§ **Directions**
Look below for the line that contains "using Fix_phi[OF closed(1)]", then copy it and each following line exactly, through and including the line that contains "using joint_fixpoint_exists[OF i(1,2,3)".

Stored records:
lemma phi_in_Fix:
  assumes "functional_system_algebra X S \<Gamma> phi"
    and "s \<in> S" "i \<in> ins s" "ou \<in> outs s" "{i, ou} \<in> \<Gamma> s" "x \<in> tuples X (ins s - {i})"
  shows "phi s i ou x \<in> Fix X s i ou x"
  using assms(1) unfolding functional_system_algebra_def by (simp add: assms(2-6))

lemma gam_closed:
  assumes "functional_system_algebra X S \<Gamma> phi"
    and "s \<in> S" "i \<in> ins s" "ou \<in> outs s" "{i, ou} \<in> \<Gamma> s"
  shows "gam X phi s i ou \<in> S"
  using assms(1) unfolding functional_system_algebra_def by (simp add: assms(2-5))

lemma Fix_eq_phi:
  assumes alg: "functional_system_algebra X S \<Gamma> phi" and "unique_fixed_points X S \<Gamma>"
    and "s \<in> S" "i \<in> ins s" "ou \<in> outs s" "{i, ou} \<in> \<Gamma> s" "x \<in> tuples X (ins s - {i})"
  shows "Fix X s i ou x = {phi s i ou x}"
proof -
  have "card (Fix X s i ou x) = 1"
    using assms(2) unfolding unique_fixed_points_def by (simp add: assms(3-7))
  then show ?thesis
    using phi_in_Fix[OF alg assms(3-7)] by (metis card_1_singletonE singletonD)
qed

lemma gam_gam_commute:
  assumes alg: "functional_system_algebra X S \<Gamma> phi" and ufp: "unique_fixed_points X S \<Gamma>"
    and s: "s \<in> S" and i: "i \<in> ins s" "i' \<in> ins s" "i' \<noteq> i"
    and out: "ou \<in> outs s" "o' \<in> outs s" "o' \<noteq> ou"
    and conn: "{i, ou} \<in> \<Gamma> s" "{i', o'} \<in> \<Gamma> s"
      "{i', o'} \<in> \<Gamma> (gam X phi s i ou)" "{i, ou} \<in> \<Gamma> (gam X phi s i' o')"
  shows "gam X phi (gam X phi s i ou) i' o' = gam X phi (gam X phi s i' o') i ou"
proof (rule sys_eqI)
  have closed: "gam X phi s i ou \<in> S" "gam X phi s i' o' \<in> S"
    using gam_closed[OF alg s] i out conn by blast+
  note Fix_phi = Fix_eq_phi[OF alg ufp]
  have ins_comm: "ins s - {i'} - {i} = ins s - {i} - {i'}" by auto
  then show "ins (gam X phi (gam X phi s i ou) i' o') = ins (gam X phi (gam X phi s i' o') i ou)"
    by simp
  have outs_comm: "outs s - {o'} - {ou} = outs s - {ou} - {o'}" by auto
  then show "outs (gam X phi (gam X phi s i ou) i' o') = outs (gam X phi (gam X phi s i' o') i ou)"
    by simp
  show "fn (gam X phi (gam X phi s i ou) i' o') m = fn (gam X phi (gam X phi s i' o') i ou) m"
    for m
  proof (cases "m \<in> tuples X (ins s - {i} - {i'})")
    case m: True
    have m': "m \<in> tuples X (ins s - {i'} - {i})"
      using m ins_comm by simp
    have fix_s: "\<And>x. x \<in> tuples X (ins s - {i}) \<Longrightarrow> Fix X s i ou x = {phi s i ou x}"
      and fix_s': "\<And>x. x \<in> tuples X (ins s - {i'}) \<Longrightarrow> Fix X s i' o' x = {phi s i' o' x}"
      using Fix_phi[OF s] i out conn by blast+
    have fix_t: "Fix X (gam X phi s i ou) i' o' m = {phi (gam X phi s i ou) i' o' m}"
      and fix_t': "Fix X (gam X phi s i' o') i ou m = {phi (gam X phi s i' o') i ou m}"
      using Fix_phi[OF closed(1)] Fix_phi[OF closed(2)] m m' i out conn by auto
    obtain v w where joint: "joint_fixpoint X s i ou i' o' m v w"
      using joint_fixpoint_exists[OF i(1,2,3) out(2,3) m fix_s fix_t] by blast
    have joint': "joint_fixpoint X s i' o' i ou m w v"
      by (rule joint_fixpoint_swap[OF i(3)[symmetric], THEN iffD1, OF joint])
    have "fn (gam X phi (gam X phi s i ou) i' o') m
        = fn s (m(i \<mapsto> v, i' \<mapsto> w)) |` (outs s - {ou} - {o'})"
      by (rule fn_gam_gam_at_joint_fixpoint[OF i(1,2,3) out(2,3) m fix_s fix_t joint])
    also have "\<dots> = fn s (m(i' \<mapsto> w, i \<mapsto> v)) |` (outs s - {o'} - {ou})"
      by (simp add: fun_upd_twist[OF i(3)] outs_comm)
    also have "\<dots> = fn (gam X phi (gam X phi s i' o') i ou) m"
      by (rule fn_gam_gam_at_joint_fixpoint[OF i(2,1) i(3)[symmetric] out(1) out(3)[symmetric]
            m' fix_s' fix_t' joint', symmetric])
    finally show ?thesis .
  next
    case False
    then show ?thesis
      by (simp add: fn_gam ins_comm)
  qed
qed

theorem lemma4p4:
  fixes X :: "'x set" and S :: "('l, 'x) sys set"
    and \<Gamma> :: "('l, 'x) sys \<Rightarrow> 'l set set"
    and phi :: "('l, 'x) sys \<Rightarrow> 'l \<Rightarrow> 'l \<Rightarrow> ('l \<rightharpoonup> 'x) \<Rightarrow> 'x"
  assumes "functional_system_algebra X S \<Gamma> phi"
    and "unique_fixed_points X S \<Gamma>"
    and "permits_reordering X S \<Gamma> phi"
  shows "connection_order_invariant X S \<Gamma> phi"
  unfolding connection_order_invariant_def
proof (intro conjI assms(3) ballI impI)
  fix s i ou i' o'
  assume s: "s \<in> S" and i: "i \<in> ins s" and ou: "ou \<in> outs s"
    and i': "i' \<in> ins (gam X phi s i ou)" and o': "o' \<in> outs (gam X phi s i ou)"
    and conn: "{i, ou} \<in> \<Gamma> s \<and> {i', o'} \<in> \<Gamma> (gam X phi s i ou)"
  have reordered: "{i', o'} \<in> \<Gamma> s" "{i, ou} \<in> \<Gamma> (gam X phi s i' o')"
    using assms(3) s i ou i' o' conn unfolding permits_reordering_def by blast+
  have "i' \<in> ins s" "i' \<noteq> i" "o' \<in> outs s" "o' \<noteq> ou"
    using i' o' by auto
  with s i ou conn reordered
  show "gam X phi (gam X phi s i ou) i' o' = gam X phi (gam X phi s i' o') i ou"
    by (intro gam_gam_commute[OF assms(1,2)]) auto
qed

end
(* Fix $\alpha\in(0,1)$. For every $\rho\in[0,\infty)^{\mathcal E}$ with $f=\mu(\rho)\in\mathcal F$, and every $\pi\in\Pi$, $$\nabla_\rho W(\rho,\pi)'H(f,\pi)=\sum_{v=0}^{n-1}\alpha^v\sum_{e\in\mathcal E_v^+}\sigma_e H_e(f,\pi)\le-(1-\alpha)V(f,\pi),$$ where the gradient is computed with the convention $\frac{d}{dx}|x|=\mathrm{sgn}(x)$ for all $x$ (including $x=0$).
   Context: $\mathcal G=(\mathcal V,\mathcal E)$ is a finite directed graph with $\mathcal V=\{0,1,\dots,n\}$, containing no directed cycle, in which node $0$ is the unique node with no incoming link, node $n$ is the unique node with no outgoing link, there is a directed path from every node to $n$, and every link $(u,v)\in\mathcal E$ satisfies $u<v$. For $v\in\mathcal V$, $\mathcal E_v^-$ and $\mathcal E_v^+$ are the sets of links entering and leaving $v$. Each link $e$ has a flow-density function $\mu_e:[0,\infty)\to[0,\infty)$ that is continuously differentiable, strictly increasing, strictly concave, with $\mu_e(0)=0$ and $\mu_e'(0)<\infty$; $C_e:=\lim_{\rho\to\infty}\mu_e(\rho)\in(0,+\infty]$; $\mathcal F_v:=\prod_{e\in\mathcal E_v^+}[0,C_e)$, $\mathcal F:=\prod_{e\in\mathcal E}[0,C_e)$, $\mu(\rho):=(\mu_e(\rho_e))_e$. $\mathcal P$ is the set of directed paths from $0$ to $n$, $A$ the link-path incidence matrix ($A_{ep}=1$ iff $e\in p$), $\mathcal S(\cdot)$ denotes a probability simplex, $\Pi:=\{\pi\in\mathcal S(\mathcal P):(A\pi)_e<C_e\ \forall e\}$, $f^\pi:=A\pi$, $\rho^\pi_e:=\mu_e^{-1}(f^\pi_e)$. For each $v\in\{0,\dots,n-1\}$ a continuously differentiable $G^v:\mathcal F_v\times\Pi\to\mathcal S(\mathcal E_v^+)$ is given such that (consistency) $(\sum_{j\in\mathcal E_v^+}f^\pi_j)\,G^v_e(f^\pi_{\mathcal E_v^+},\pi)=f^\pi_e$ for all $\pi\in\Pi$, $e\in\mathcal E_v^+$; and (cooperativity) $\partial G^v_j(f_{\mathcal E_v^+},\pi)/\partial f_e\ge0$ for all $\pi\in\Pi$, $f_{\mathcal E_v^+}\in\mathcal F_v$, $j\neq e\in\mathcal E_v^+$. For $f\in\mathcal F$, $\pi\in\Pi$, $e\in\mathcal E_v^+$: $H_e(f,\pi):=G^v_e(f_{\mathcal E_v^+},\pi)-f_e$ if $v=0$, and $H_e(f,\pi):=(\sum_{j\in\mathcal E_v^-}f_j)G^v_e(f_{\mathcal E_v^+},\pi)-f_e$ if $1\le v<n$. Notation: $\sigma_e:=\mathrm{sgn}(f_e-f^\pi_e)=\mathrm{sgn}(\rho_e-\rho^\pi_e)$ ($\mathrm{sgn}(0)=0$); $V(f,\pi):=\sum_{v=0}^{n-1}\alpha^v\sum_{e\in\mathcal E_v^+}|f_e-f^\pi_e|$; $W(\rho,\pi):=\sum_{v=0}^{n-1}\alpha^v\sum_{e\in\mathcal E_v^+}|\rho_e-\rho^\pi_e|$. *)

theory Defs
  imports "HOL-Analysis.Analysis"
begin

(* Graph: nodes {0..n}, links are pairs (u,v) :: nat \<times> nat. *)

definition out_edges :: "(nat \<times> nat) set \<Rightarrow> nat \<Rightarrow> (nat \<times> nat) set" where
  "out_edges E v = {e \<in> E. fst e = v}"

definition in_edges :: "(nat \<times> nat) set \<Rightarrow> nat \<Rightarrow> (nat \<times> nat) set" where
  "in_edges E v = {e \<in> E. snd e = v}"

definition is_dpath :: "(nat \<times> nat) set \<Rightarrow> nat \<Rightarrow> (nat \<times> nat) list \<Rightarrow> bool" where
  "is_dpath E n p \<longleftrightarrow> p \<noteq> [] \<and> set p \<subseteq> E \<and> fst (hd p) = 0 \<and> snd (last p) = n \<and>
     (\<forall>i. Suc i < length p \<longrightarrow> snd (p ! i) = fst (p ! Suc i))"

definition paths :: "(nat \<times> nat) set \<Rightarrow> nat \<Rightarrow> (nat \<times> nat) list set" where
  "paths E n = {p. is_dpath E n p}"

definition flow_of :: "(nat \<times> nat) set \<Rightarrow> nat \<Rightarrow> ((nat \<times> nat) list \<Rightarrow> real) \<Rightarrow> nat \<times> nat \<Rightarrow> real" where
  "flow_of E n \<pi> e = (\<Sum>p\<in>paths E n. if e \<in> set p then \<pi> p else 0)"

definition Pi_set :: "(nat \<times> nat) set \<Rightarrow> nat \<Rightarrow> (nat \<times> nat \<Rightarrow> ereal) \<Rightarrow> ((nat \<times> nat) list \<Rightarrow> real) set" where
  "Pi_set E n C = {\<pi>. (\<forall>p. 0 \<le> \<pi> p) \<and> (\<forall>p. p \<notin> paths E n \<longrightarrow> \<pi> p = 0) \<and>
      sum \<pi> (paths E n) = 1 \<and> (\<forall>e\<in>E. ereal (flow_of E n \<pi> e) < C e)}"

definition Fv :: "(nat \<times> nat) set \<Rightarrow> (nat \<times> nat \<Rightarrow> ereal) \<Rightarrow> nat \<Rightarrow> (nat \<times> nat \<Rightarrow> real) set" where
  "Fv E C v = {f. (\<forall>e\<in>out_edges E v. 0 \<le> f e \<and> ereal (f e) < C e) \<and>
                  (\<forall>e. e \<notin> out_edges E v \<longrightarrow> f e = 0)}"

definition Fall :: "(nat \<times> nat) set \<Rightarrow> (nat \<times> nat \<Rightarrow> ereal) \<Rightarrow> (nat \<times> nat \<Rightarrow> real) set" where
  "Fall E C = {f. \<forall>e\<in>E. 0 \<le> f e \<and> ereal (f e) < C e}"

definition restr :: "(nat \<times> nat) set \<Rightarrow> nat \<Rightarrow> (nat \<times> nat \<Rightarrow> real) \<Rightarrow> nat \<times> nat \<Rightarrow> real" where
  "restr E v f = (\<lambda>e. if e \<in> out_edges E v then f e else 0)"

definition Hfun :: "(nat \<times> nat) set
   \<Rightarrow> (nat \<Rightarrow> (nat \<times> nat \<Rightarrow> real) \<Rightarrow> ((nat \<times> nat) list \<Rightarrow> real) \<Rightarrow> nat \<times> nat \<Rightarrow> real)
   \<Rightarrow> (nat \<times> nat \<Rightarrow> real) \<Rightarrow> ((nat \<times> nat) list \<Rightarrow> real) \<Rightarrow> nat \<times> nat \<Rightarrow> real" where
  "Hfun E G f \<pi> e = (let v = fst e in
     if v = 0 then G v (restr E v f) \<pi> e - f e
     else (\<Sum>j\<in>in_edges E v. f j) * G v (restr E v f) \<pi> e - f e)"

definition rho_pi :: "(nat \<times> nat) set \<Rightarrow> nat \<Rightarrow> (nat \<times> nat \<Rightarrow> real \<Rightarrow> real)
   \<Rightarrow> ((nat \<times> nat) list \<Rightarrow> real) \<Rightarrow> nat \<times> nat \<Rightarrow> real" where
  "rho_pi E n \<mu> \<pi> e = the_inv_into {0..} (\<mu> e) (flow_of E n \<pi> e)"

§ **The answer**
      using Fix_phi[OF closed(1)] Fix_phi[OF closed(2)] m m' i out conn by auto
    obtain v w where joint: "joint_fixpoint X s i ou i' o' m v w"
      using joint_fixpoint_exists[OF i(1,2,3) out(2,3) m fix_s fix_t] by blast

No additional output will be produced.